(Stored data)
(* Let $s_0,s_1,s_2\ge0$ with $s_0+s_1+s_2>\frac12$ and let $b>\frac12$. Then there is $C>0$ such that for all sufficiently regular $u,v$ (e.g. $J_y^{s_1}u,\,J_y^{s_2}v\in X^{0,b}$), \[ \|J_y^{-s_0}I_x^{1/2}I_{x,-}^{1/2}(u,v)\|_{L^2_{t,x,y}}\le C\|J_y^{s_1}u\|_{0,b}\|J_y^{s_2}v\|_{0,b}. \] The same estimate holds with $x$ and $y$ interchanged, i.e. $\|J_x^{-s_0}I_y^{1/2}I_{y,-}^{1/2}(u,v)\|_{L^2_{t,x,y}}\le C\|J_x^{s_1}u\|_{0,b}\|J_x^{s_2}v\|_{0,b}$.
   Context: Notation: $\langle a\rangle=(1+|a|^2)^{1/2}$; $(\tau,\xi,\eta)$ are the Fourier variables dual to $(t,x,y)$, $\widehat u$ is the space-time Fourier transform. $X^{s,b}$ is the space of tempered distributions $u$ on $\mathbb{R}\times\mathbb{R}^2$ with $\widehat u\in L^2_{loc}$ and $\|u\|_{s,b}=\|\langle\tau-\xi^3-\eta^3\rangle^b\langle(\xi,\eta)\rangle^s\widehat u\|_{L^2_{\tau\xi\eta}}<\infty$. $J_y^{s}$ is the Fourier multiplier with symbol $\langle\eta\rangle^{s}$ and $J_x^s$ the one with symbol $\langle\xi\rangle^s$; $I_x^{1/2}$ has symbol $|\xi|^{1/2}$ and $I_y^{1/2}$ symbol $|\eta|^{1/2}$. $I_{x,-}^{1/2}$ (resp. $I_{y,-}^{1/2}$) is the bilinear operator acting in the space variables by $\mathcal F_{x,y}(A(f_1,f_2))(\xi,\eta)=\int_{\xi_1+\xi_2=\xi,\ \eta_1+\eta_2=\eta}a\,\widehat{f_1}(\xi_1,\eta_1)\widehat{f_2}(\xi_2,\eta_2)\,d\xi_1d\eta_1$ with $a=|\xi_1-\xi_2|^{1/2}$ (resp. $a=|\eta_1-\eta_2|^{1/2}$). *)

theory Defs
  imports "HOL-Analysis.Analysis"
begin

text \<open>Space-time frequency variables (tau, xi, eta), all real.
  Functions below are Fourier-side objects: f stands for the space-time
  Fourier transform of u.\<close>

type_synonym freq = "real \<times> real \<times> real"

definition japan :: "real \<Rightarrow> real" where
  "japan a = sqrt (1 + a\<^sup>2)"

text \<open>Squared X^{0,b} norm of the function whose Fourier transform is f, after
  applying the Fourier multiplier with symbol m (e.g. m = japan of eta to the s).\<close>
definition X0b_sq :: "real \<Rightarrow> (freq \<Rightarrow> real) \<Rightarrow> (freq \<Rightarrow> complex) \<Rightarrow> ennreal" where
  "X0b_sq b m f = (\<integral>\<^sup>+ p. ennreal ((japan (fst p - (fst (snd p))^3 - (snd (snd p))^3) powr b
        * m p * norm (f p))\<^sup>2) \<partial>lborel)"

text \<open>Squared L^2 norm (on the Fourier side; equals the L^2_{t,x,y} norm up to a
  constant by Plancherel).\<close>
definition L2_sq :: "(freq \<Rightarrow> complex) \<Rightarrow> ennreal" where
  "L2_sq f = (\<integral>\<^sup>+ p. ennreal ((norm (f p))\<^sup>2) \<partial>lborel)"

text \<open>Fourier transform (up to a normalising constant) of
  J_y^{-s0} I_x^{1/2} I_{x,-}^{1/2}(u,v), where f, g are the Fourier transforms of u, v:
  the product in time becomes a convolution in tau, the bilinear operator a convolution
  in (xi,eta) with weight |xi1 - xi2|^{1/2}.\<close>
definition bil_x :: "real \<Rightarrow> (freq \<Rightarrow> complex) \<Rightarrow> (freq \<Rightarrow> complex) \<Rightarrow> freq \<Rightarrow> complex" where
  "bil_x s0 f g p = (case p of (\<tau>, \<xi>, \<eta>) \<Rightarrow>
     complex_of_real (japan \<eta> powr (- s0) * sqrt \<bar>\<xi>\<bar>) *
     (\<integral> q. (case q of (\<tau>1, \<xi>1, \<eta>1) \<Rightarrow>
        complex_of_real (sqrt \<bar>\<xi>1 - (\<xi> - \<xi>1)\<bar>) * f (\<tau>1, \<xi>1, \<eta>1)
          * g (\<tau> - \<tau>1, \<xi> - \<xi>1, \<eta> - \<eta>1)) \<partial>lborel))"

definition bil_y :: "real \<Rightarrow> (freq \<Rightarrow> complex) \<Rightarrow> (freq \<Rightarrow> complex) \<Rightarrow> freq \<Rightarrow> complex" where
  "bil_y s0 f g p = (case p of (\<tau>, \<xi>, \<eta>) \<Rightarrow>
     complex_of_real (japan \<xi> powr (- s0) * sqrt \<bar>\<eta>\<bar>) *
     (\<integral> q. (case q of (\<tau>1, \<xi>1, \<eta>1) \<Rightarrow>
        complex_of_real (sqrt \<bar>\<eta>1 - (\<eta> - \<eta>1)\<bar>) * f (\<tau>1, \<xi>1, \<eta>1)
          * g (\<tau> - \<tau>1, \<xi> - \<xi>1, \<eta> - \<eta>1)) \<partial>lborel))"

==

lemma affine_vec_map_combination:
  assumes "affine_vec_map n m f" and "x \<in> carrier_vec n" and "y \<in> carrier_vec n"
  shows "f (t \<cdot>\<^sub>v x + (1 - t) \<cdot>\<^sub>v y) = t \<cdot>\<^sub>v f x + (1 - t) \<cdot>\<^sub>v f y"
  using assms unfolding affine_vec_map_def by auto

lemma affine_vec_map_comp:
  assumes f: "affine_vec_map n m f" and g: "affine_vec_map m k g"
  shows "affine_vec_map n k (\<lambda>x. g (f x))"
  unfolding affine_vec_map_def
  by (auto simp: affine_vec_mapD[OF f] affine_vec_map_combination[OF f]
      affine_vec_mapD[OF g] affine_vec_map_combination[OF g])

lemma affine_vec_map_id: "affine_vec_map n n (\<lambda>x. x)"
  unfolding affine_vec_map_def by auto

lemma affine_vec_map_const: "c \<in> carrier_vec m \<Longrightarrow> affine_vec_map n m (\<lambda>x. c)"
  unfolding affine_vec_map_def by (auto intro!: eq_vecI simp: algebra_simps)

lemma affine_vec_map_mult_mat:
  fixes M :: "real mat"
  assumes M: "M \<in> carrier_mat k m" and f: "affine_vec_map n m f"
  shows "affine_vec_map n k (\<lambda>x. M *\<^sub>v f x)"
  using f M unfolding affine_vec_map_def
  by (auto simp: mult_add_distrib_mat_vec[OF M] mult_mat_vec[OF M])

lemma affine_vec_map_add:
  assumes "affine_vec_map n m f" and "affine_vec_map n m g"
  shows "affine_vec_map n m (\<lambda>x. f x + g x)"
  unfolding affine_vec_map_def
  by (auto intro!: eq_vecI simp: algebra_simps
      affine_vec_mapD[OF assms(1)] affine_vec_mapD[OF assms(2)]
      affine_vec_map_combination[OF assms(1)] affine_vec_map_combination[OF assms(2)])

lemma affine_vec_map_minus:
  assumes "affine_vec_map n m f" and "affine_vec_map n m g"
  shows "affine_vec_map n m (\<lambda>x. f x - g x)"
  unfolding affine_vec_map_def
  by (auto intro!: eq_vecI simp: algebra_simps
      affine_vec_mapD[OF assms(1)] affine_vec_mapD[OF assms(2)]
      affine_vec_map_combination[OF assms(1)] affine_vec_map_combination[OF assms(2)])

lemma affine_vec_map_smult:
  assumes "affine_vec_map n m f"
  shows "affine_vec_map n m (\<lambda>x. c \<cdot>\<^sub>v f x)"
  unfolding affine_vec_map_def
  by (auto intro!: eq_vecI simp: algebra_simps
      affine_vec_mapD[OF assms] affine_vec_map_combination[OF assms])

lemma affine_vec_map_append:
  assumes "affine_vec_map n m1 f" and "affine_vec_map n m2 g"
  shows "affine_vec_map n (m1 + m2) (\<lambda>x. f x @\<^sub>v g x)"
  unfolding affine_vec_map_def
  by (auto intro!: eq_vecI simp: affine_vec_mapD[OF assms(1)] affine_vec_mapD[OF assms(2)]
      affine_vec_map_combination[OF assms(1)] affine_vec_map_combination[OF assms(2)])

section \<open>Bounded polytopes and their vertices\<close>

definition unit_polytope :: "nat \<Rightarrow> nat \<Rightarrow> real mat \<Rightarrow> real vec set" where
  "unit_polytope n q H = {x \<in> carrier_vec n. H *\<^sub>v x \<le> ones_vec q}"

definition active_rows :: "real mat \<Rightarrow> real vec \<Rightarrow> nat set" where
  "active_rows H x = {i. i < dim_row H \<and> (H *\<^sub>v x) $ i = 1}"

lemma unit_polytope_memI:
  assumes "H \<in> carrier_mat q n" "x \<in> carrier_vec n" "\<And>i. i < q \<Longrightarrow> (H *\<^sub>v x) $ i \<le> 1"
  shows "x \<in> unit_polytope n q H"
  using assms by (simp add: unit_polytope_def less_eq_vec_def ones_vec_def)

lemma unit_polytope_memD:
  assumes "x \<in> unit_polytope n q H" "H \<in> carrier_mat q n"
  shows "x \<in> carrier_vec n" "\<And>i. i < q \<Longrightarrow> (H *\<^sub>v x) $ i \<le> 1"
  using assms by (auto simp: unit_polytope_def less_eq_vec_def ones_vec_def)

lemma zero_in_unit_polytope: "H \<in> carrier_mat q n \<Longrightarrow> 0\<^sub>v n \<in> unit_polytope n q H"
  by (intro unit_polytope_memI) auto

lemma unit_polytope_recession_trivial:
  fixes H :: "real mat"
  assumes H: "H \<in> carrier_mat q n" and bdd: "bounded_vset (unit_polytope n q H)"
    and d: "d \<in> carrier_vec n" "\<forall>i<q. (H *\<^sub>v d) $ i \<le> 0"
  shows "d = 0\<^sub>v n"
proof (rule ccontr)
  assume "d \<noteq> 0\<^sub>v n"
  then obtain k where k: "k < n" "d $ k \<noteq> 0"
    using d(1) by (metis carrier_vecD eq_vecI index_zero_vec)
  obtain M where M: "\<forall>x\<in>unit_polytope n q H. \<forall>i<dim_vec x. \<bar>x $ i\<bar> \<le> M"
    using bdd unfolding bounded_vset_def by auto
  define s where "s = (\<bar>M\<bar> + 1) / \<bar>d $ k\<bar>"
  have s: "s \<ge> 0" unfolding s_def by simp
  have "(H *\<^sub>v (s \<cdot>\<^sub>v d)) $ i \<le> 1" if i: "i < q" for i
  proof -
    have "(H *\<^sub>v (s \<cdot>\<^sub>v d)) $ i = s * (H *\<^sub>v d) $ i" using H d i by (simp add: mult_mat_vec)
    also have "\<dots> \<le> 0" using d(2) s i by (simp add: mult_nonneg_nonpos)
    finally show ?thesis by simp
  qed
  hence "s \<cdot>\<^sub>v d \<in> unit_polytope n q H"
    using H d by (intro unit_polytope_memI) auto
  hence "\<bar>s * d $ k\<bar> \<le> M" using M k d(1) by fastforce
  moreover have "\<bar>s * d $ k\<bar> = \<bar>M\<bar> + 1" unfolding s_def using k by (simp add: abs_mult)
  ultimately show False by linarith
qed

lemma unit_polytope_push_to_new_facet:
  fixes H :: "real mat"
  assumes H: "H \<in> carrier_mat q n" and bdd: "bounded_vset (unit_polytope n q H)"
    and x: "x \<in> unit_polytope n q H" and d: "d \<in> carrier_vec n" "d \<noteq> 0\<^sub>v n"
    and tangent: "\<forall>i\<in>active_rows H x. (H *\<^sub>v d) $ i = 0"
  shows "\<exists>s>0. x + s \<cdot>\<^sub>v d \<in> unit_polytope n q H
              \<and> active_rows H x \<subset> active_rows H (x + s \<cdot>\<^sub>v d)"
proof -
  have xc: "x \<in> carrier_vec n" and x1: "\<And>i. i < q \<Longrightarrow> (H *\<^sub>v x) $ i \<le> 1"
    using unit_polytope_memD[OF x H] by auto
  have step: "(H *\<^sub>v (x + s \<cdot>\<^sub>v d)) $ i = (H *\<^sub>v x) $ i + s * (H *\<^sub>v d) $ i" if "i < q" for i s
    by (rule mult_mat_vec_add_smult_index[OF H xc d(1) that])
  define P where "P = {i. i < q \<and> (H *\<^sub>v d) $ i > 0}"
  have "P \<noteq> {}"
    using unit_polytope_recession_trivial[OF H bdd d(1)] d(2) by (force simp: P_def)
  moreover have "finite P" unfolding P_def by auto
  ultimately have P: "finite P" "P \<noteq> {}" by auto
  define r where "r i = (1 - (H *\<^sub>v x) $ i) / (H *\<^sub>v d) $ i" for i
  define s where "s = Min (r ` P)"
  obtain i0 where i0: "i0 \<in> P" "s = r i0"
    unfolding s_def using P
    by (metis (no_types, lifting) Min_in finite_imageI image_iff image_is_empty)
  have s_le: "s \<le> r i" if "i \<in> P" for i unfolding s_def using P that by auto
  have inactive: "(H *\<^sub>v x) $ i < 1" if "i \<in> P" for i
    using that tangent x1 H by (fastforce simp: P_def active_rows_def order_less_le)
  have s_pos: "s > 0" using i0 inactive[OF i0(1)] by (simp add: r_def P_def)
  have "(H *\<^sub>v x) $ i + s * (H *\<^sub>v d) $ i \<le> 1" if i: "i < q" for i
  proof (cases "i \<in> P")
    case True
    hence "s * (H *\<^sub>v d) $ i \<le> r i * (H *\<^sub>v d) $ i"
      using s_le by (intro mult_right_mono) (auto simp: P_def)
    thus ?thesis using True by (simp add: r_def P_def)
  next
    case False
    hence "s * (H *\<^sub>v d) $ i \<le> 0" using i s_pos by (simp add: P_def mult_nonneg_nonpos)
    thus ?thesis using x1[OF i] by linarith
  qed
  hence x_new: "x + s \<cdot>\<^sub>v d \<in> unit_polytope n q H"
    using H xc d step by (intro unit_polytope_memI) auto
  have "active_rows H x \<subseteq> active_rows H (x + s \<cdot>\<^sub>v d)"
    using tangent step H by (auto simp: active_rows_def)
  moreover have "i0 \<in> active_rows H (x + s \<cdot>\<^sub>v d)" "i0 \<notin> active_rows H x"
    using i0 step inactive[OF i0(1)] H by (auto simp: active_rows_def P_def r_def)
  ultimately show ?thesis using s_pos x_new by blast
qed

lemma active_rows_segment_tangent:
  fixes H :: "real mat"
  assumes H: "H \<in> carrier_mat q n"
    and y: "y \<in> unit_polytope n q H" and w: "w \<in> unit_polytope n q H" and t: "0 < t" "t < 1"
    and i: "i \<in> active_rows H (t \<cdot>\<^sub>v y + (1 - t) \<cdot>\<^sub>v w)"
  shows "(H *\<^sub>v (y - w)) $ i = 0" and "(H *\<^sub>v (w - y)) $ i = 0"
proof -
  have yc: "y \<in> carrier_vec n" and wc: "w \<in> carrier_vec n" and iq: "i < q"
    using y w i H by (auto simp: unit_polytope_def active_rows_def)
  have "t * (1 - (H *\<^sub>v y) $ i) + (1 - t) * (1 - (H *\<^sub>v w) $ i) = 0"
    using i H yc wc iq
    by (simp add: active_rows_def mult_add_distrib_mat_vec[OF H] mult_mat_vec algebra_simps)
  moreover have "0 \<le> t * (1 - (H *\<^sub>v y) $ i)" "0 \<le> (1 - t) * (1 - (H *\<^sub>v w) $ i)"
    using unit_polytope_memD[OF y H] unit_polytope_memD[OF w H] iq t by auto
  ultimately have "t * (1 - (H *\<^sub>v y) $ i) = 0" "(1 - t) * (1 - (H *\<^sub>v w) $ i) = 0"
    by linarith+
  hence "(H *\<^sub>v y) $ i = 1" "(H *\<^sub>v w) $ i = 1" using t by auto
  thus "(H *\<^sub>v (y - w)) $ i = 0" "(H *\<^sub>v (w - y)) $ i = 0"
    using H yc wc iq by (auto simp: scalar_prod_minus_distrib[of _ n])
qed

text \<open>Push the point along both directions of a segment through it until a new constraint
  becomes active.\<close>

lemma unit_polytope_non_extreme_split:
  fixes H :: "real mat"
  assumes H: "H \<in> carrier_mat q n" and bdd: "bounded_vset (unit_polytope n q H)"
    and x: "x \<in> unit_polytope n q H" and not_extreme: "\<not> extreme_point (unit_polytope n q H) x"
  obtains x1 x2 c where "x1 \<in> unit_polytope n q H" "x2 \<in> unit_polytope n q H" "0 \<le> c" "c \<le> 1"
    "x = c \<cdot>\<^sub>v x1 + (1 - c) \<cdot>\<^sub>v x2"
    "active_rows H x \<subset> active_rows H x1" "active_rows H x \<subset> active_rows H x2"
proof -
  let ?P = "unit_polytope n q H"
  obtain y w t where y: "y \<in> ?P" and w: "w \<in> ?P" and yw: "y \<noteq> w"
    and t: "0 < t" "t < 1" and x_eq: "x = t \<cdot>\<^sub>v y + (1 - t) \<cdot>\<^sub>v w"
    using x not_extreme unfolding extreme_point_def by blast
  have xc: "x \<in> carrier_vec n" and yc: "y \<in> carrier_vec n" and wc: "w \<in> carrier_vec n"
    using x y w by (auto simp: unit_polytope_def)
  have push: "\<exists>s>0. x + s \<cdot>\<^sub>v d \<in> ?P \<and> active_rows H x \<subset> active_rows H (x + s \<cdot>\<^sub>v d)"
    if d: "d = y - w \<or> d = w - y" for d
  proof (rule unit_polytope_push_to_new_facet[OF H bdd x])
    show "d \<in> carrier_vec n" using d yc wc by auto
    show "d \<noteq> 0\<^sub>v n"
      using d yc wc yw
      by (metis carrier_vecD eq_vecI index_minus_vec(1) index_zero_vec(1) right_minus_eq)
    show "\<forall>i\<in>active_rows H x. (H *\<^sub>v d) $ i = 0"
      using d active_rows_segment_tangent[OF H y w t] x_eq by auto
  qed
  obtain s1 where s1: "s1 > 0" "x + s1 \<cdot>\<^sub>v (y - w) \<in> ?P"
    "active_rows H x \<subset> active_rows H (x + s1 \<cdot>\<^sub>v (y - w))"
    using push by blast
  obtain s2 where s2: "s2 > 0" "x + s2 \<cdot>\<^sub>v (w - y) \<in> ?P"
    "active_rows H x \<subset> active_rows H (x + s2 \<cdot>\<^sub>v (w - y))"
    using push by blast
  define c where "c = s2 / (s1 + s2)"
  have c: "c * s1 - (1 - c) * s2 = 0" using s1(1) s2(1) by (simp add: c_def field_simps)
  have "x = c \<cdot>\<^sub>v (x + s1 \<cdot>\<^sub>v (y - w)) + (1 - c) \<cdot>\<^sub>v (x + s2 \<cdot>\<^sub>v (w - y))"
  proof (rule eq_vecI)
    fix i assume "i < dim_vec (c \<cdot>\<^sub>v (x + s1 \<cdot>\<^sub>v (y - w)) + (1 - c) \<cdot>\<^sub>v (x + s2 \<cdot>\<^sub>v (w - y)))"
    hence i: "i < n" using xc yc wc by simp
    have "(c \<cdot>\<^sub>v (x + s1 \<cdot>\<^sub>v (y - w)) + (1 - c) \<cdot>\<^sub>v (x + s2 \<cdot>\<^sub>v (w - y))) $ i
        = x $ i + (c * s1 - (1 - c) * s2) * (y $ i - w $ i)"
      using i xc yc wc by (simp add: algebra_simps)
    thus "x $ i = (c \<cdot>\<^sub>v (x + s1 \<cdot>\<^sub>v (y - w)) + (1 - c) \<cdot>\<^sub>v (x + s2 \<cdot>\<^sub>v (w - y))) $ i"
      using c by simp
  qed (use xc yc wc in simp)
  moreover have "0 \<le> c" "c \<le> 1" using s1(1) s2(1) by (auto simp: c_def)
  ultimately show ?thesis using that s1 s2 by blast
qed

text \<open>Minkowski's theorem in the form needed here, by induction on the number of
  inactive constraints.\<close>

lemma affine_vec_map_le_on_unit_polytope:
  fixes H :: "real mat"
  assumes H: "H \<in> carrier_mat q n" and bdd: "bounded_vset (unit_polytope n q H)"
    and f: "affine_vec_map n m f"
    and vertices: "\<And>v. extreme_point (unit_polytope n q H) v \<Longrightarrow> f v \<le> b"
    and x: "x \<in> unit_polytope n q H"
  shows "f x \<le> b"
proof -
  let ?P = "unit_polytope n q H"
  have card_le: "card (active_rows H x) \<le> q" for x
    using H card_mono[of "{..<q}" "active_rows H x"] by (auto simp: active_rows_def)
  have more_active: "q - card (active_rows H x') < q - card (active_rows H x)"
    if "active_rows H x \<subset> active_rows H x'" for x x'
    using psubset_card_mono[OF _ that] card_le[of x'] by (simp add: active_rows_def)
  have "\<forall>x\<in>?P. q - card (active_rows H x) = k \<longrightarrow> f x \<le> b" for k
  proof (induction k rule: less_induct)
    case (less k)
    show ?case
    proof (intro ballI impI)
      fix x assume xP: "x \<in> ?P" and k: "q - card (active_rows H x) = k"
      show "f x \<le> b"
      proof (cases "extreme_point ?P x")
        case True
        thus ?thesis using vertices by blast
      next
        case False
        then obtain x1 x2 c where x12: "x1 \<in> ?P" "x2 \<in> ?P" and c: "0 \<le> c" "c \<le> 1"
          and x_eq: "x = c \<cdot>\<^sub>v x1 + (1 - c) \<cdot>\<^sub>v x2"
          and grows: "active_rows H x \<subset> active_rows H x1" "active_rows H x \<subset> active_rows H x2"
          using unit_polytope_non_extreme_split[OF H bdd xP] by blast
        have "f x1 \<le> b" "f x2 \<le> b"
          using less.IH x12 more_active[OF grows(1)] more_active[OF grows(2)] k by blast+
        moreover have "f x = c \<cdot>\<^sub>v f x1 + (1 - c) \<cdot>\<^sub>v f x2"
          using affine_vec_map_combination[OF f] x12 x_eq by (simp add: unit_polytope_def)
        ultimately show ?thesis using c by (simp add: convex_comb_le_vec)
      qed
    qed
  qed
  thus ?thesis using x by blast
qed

### INSTRUCTIONS FOR THE TASK
Copy every line where the word "thesis" is present in the entries above.

### RESULT OF THE TASK
    finally show ?thesis by simp
    thus ?thesis using True by (simp add: r_def P_def)
    thus ?thesis using x1[OF i] by linarith
  ultimately show ?thesis using s_pos x_new by blast
  ultimately show ?thesis using that s1 s2 by blast
        thus ?thesis using vertices by blast
        ultimately show ?thesis using c by (simp add: convex_comb_le_vec)
  thus ?thesis using x by blast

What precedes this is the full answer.